**EXERCISE GOAL:** Go through the listing below and output exactly the line with "3 t) \<longlongrightarrow>", the line with "text \<open>Among the", and each line between; omit the rest.

-- RECORDS FOR THIS TASK follows --

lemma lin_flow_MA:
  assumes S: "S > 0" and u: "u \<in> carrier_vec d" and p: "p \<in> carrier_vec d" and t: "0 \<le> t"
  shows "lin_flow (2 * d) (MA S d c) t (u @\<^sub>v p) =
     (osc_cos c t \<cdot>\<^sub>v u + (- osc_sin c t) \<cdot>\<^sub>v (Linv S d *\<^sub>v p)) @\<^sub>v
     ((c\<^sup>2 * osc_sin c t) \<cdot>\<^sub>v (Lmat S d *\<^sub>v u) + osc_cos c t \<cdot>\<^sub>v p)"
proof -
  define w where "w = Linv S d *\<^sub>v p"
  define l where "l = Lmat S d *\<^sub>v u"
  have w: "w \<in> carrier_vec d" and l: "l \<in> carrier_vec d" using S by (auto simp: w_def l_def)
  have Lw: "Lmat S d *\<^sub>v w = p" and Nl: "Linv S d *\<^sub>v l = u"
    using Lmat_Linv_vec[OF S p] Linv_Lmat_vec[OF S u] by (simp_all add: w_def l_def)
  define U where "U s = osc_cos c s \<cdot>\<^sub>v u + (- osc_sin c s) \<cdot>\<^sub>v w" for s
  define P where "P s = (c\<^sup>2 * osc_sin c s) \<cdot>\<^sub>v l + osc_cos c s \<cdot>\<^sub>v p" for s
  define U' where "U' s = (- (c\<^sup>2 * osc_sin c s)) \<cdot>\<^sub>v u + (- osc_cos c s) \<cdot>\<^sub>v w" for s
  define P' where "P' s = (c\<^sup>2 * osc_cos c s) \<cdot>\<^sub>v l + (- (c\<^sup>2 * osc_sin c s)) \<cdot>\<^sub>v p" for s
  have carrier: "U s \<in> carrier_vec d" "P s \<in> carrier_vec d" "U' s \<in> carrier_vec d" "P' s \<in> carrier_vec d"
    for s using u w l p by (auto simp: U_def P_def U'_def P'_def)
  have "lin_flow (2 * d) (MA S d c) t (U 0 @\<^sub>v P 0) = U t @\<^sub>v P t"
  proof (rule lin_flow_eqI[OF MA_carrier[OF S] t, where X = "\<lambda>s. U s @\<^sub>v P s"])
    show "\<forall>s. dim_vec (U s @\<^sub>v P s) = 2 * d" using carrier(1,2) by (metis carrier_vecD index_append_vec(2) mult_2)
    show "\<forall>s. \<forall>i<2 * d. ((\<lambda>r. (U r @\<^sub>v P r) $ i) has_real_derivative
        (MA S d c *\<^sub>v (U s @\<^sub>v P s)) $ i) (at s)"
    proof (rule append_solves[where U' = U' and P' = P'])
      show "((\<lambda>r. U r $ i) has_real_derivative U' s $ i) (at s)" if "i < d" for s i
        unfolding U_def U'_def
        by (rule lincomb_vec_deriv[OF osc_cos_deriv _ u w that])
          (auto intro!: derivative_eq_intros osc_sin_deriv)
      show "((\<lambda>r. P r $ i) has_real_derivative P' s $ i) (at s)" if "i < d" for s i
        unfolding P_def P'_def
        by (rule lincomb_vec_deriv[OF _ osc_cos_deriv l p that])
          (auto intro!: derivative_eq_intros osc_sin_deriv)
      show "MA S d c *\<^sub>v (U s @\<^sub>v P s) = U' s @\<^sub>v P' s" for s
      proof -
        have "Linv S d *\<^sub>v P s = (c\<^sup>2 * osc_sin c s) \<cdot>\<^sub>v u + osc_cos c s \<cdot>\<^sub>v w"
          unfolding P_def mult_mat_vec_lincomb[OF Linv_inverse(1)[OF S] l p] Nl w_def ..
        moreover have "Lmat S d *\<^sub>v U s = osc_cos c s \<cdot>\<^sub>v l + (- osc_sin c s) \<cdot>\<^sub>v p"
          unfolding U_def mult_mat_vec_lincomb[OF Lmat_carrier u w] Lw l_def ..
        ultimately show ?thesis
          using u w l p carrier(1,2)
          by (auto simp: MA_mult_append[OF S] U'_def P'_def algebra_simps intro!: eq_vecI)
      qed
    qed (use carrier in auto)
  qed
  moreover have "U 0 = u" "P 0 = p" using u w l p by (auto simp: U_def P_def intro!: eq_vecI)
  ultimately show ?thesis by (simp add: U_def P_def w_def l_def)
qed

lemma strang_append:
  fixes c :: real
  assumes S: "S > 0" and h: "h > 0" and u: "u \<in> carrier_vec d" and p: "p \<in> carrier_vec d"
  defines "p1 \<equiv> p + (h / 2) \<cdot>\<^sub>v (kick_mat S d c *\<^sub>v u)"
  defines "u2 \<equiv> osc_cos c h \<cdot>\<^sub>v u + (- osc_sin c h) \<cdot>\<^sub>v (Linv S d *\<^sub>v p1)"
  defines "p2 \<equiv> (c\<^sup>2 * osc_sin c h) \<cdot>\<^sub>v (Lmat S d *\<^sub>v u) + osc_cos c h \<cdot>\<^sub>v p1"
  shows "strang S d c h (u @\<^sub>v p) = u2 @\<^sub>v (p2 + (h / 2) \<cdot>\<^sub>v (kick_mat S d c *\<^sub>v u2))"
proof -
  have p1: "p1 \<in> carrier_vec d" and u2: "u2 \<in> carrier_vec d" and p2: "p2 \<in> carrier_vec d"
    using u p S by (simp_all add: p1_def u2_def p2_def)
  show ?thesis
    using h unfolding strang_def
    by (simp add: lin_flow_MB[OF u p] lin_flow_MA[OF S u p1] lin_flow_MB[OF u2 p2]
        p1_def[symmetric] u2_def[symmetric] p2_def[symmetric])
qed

-- RECORDS FOR THIS TASK concluded --
-- RECORDS FOR THIS TASK follows --

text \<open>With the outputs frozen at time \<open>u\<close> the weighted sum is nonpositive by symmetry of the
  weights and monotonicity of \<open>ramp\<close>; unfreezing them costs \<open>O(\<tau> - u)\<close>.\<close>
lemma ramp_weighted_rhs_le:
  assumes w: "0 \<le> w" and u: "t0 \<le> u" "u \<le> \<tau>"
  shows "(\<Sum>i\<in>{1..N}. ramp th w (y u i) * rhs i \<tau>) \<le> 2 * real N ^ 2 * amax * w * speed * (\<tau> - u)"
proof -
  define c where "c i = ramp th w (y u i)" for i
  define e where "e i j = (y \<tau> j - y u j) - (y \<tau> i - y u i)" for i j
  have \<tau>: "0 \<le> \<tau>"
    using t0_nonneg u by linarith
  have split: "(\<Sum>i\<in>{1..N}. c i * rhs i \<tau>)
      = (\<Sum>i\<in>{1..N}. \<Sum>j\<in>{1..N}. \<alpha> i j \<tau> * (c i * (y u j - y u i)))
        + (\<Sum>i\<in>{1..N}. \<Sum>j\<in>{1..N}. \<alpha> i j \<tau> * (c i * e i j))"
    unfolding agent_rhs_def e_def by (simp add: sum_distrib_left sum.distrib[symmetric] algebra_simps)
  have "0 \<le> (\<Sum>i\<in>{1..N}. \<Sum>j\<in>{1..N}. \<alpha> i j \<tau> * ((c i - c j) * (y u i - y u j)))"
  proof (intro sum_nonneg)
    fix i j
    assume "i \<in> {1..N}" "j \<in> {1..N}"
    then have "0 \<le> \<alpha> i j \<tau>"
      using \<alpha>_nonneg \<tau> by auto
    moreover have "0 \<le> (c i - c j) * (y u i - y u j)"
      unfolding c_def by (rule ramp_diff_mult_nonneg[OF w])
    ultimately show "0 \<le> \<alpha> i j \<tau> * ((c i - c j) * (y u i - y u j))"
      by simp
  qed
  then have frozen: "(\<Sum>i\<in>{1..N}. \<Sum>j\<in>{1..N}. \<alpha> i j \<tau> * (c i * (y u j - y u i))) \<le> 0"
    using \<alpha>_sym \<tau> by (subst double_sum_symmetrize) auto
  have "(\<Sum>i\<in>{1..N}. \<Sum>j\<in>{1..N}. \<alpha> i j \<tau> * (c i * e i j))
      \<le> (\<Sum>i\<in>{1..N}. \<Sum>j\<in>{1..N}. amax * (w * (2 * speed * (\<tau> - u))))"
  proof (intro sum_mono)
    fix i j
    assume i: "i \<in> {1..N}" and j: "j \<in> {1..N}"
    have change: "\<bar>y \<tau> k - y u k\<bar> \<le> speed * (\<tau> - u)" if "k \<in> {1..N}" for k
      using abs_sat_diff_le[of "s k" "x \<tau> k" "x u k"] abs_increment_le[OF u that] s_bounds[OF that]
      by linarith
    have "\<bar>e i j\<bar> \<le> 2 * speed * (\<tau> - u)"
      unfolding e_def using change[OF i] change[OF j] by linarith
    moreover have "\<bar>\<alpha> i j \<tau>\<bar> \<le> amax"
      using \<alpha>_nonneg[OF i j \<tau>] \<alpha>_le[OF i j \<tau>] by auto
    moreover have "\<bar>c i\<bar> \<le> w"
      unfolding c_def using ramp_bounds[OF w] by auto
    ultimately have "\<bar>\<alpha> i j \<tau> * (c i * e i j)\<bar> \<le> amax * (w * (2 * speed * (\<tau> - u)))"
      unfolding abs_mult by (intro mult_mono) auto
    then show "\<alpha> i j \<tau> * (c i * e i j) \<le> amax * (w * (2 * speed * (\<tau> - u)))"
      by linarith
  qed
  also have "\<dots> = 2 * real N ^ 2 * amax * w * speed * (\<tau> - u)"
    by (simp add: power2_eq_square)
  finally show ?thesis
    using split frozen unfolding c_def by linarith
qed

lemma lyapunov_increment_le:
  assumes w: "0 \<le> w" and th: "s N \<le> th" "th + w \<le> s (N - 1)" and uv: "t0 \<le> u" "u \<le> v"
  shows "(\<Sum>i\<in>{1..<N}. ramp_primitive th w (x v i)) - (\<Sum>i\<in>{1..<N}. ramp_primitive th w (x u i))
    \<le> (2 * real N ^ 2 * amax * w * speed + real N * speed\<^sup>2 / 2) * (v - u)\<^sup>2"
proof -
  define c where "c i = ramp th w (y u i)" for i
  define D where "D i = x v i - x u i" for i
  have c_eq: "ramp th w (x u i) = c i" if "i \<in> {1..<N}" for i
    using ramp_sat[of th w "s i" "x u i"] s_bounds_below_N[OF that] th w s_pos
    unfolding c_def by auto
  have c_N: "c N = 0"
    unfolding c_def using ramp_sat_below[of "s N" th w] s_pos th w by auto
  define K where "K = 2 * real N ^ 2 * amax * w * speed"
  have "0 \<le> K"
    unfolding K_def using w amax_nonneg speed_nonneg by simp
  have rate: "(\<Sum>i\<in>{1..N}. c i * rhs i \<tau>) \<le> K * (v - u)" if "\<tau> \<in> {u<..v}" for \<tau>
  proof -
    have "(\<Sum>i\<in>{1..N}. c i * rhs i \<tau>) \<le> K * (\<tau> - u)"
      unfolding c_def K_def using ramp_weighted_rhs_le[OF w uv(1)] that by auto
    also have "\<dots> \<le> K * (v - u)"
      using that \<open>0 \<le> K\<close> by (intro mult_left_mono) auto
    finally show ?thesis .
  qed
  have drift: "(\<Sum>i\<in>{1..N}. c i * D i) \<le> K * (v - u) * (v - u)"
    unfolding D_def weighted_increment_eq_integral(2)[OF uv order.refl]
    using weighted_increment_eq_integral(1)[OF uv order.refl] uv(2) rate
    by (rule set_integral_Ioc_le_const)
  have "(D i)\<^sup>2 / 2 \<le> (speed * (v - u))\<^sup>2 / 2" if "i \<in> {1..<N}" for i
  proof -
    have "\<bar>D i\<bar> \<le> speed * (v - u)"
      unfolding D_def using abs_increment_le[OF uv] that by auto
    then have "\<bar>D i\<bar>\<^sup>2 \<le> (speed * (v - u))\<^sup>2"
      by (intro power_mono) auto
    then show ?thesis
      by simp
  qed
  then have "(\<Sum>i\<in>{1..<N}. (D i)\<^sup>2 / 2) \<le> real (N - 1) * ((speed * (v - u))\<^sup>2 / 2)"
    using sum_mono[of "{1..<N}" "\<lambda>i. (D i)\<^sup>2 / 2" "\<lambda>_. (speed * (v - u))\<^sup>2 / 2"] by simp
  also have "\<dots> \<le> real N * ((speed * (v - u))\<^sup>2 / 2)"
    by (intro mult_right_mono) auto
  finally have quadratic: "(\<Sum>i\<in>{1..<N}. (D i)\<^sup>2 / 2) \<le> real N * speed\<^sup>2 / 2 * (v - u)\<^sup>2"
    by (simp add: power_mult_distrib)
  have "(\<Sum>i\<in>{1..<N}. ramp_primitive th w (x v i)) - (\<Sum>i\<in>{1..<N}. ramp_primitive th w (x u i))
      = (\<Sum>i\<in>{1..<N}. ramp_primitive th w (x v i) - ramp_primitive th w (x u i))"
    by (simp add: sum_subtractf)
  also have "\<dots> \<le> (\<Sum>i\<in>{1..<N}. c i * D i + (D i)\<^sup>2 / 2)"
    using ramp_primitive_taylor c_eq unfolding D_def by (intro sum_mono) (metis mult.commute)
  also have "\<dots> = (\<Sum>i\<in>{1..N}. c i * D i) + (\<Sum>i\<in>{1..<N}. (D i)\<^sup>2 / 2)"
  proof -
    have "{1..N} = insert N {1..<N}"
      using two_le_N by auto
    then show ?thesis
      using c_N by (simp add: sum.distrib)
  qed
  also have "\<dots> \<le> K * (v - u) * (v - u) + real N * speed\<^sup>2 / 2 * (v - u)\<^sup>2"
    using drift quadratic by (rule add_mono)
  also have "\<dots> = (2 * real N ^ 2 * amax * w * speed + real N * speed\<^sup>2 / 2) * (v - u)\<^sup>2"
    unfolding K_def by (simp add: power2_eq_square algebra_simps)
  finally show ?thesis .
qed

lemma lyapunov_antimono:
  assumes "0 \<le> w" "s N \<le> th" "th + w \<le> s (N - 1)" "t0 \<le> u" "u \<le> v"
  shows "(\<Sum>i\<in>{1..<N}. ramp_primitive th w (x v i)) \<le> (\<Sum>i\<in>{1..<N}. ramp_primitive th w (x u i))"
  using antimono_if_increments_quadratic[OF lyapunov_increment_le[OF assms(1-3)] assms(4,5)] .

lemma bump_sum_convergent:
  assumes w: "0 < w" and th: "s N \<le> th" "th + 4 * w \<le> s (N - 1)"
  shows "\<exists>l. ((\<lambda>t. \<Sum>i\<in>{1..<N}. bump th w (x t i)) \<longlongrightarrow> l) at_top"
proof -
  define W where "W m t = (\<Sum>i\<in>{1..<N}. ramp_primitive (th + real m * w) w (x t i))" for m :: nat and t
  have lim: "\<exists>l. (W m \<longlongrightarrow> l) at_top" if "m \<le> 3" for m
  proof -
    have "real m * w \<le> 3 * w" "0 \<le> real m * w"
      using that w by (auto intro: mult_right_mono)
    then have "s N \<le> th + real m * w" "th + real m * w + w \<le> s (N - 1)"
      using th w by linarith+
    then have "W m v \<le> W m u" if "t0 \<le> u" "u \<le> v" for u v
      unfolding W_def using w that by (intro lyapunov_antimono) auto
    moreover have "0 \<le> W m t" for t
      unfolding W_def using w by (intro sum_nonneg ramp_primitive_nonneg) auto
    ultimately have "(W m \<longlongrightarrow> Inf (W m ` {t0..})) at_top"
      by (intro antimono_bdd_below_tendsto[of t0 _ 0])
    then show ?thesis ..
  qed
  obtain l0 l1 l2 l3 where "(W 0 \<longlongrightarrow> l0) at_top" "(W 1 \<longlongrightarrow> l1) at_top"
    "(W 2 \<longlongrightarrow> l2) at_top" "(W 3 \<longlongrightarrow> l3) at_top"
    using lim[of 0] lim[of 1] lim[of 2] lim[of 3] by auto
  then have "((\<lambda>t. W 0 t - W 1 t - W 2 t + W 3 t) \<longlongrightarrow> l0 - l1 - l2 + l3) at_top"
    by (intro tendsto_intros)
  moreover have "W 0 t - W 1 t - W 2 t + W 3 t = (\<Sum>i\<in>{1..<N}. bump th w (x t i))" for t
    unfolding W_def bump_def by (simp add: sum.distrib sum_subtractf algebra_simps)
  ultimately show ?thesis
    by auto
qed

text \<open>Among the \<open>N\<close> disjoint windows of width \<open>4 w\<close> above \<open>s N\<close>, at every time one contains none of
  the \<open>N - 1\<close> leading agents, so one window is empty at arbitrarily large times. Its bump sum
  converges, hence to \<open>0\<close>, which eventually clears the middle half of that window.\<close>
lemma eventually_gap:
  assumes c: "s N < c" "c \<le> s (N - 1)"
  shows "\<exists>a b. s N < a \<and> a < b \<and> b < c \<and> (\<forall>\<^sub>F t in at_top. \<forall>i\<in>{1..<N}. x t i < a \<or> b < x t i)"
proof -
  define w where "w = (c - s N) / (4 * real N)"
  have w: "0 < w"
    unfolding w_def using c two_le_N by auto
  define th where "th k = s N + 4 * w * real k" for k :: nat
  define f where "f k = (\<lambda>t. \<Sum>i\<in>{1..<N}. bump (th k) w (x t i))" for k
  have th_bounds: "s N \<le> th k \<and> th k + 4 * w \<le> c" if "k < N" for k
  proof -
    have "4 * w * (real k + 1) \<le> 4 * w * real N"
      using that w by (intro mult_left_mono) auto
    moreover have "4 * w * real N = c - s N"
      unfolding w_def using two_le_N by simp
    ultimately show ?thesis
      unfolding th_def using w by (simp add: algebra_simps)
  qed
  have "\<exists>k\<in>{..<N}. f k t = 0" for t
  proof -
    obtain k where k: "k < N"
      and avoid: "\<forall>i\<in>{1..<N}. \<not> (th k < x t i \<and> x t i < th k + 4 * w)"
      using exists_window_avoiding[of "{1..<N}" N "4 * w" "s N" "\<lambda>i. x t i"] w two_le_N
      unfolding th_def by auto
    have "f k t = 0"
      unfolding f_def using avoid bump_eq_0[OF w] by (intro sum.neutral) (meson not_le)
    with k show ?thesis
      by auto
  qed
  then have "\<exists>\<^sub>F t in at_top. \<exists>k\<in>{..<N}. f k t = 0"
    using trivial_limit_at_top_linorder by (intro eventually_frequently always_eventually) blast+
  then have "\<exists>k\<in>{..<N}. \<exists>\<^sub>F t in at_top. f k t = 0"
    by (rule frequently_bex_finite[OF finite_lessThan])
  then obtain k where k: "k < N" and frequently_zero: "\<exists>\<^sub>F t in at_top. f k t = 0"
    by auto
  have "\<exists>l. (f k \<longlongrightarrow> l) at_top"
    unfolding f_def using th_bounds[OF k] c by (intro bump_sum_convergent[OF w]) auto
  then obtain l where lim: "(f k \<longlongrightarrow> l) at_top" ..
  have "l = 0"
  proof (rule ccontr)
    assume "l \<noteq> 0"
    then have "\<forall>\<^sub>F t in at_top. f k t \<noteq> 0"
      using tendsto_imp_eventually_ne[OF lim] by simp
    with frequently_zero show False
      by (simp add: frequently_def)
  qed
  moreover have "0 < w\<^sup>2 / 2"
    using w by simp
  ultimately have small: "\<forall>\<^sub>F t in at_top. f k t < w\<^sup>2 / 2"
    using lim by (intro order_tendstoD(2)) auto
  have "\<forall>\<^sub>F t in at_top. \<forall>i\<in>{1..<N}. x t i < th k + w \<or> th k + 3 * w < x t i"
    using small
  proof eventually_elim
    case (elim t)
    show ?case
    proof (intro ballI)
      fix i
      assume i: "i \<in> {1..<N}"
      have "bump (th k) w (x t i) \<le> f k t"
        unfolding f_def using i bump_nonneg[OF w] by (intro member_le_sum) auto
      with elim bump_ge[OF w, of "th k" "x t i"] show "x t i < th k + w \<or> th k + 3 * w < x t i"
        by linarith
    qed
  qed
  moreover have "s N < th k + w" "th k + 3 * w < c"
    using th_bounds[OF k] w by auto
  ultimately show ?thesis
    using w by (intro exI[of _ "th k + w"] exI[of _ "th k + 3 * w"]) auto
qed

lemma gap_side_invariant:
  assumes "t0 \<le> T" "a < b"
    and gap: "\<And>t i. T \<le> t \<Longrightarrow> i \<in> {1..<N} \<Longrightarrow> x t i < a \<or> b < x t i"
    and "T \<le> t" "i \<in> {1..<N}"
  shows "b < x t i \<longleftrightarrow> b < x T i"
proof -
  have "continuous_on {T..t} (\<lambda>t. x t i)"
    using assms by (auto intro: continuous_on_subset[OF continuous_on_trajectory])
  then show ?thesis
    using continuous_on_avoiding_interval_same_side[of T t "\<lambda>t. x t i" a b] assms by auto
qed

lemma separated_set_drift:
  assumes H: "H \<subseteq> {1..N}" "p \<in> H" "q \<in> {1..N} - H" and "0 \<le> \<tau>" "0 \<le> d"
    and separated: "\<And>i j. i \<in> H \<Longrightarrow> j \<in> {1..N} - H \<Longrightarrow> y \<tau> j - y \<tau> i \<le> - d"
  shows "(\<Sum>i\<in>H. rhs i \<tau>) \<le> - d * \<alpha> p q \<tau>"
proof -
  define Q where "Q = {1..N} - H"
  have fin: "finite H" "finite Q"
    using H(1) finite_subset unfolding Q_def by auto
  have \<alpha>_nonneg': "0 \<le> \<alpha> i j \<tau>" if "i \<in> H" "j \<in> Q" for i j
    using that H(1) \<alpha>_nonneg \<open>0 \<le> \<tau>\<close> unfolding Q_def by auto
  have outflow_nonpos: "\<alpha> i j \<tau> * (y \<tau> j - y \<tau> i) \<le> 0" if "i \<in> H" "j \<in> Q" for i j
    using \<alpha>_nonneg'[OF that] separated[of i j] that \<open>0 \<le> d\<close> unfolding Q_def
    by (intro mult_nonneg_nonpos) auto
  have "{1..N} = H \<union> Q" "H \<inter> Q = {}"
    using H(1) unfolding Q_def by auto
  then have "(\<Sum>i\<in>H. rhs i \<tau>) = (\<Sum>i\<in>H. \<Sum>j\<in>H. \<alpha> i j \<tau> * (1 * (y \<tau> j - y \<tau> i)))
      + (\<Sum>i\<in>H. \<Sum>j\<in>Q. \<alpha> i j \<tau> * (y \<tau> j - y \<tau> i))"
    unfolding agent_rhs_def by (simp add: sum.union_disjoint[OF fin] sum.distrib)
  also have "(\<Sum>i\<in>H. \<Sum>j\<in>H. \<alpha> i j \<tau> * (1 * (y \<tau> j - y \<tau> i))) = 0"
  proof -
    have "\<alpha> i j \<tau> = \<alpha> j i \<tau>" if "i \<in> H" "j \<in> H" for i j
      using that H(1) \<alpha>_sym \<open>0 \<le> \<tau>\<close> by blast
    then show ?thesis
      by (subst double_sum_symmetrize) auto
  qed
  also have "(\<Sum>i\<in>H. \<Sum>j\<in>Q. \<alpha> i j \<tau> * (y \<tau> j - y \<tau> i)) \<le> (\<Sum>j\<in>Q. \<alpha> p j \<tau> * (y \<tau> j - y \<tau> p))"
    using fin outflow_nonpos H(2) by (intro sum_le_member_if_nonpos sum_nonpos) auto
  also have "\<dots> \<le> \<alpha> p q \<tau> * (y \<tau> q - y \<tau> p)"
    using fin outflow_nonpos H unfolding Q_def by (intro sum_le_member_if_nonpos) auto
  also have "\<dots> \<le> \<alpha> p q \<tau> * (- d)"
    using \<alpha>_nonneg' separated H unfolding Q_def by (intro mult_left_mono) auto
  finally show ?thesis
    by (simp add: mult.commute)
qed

-- RECORDS FOR THIS TASK concluded --

**RESULT FOR THIS TASK:**
  then have "((\<lambda>t. W 0 t - W 1 t - W 2 t + W 3 t) \<longlongrightarrow> l0 - l1 - l2 + l3) at_top"
    by (intro tendsto_intros)
  moreover have "W 0 t - W 1 t - W 2 t + W 3 t = (\<Sum>i\<in>{1..<N}. bump th w (x t i))" for t
    unfolding W_def bump_def by (simp add: sum.distrib sum_subtractf algebra_simps)
  ultimately show ?thesis
    by auto
qed

text \<open>Among the \<open>N\<close> disjoint windows of width \<open>4 w\<close> above \<open>s N\<close>, at every time one contains none of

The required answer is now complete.